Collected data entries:
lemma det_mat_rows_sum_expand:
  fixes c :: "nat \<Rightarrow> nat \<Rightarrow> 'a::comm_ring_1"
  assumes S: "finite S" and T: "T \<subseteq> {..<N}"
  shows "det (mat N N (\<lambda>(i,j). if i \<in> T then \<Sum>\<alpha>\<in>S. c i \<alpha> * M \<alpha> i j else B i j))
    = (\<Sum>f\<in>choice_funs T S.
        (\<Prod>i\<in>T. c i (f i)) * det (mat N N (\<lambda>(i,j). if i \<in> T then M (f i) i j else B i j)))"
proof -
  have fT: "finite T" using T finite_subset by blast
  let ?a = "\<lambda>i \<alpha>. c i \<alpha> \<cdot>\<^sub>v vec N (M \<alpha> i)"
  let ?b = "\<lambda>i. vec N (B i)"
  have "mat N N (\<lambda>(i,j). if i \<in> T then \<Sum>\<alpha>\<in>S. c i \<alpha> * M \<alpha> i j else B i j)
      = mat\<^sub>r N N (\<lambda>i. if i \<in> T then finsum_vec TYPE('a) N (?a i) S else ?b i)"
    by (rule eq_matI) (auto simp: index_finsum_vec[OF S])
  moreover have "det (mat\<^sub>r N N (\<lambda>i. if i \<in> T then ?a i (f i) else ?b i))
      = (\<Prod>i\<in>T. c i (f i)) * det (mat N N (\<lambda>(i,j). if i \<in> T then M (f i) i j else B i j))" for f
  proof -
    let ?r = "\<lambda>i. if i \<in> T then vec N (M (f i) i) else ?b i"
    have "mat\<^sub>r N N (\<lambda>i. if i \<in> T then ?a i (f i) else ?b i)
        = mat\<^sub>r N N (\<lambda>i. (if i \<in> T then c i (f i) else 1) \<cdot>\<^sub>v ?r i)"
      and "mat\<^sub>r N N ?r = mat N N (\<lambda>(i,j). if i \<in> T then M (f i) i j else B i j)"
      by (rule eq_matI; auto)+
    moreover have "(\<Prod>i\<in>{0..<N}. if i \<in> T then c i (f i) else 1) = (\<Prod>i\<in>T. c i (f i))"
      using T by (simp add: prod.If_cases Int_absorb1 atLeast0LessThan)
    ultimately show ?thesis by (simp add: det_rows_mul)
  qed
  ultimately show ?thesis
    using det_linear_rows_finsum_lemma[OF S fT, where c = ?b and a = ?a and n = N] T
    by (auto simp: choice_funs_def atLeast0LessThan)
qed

...

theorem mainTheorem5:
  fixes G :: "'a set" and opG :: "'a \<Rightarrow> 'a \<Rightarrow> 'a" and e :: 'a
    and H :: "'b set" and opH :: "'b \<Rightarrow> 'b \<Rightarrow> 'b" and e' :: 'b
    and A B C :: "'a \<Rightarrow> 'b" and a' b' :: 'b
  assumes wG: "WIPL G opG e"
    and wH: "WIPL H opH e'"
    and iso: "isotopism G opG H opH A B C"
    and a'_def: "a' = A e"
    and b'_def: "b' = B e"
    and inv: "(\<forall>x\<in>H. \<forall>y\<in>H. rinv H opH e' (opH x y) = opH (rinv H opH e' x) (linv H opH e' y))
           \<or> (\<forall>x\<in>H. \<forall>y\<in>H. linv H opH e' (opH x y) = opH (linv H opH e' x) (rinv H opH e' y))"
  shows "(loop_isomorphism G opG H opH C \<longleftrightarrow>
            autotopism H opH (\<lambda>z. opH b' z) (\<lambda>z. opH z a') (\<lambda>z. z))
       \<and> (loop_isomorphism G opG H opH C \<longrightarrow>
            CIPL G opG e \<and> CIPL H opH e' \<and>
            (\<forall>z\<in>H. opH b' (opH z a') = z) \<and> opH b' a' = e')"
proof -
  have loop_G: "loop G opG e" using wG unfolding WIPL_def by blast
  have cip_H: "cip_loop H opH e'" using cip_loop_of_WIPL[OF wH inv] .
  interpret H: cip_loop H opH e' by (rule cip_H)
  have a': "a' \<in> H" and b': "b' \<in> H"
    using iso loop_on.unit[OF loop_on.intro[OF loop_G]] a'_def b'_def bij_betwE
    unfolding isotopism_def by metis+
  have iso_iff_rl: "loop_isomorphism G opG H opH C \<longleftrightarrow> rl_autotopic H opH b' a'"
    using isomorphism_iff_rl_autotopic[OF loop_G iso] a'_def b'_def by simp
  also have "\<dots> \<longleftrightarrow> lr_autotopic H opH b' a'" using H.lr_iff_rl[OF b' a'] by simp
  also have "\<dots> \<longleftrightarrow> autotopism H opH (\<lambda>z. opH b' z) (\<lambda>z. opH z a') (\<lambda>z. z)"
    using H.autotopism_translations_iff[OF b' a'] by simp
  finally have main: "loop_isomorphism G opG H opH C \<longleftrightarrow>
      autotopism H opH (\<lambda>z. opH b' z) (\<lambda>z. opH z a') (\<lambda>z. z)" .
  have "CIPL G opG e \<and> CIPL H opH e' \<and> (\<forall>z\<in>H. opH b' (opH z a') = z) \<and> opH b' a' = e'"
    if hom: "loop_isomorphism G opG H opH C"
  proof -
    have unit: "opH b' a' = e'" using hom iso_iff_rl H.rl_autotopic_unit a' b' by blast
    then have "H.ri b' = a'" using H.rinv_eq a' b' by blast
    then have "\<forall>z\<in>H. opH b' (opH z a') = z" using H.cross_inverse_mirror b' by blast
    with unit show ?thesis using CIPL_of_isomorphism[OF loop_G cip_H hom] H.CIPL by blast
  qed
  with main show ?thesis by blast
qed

==

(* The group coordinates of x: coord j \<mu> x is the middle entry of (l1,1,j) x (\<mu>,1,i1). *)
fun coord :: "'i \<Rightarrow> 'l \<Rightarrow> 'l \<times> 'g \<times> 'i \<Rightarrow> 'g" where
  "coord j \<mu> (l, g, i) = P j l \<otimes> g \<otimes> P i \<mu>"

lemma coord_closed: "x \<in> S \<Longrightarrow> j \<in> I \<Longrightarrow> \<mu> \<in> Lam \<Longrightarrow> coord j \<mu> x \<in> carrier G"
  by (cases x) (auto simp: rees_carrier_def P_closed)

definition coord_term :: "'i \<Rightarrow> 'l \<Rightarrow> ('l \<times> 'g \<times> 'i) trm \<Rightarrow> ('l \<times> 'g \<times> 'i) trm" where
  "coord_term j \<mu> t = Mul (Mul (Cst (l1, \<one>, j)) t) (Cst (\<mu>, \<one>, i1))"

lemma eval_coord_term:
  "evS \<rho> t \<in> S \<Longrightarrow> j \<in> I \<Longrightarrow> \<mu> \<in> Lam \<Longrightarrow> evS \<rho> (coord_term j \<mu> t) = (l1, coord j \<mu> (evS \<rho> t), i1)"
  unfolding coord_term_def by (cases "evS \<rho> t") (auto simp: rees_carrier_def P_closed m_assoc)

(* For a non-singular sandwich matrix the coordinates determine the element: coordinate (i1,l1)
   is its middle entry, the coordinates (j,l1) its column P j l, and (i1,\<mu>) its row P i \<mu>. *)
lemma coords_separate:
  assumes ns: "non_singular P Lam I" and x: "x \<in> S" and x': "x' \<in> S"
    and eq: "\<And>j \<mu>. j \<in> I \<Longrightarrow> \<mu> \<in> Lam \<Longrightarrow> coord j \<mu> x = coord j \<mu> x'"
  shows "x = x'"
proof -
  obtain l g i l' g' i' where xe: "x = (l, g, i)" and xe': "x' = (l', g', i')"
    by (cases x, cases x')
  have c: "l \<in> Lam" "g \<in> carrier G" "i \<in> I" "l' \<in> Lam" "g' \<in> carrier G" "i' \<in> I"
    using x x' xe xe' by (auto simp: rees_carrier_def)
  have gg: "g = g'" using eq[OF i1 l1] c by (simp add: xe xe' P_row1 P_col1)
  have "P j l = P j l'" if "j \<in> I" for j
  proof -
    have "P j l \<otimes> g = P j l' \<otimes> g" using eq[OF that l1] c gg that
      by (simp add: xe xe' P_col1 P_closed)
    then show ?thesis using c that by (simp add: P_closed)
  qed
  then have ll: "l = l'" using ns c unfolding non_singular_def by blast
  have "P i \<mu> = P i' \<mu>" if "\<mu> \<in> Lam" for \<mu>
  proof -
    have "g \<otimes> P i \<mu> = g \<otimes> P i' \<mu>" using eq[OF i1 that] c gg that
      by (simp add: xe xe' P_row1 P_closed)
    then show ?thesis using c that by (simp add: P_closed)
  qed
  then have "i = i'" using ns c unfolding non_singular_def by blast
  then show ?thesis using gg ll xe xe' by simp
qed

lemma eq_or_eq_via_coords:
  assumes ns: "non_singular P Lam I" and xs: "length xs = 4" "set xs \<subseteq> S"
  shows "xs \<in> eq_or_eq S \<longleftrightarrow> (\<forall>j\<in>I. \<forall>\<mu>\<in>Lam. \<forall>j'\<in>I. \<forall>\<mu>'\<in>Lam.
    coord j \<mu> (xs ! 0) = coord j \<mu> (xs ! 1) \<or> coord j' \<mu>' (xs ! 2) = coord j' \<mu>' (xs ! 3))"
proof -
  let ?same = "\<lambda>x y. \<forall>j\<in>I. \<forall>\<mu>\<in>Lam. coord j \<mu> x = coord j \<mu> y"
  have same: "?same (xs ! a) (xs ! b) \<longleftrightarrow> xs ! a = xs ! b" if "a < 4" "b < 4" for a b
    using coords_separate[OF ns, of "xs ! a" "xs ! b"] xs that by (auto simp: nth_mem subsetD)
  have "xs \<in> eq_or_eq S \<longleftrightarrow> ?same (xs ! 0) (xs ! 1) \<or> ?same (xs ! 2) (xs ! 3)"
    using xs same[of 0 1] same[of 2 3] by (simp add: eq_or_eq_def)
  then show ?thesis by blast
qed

YOUR INSTRUCTIONS =>
The count alone is needed: how many lines of these entries contain the word "also"?

WRITTEN REPLY =>
2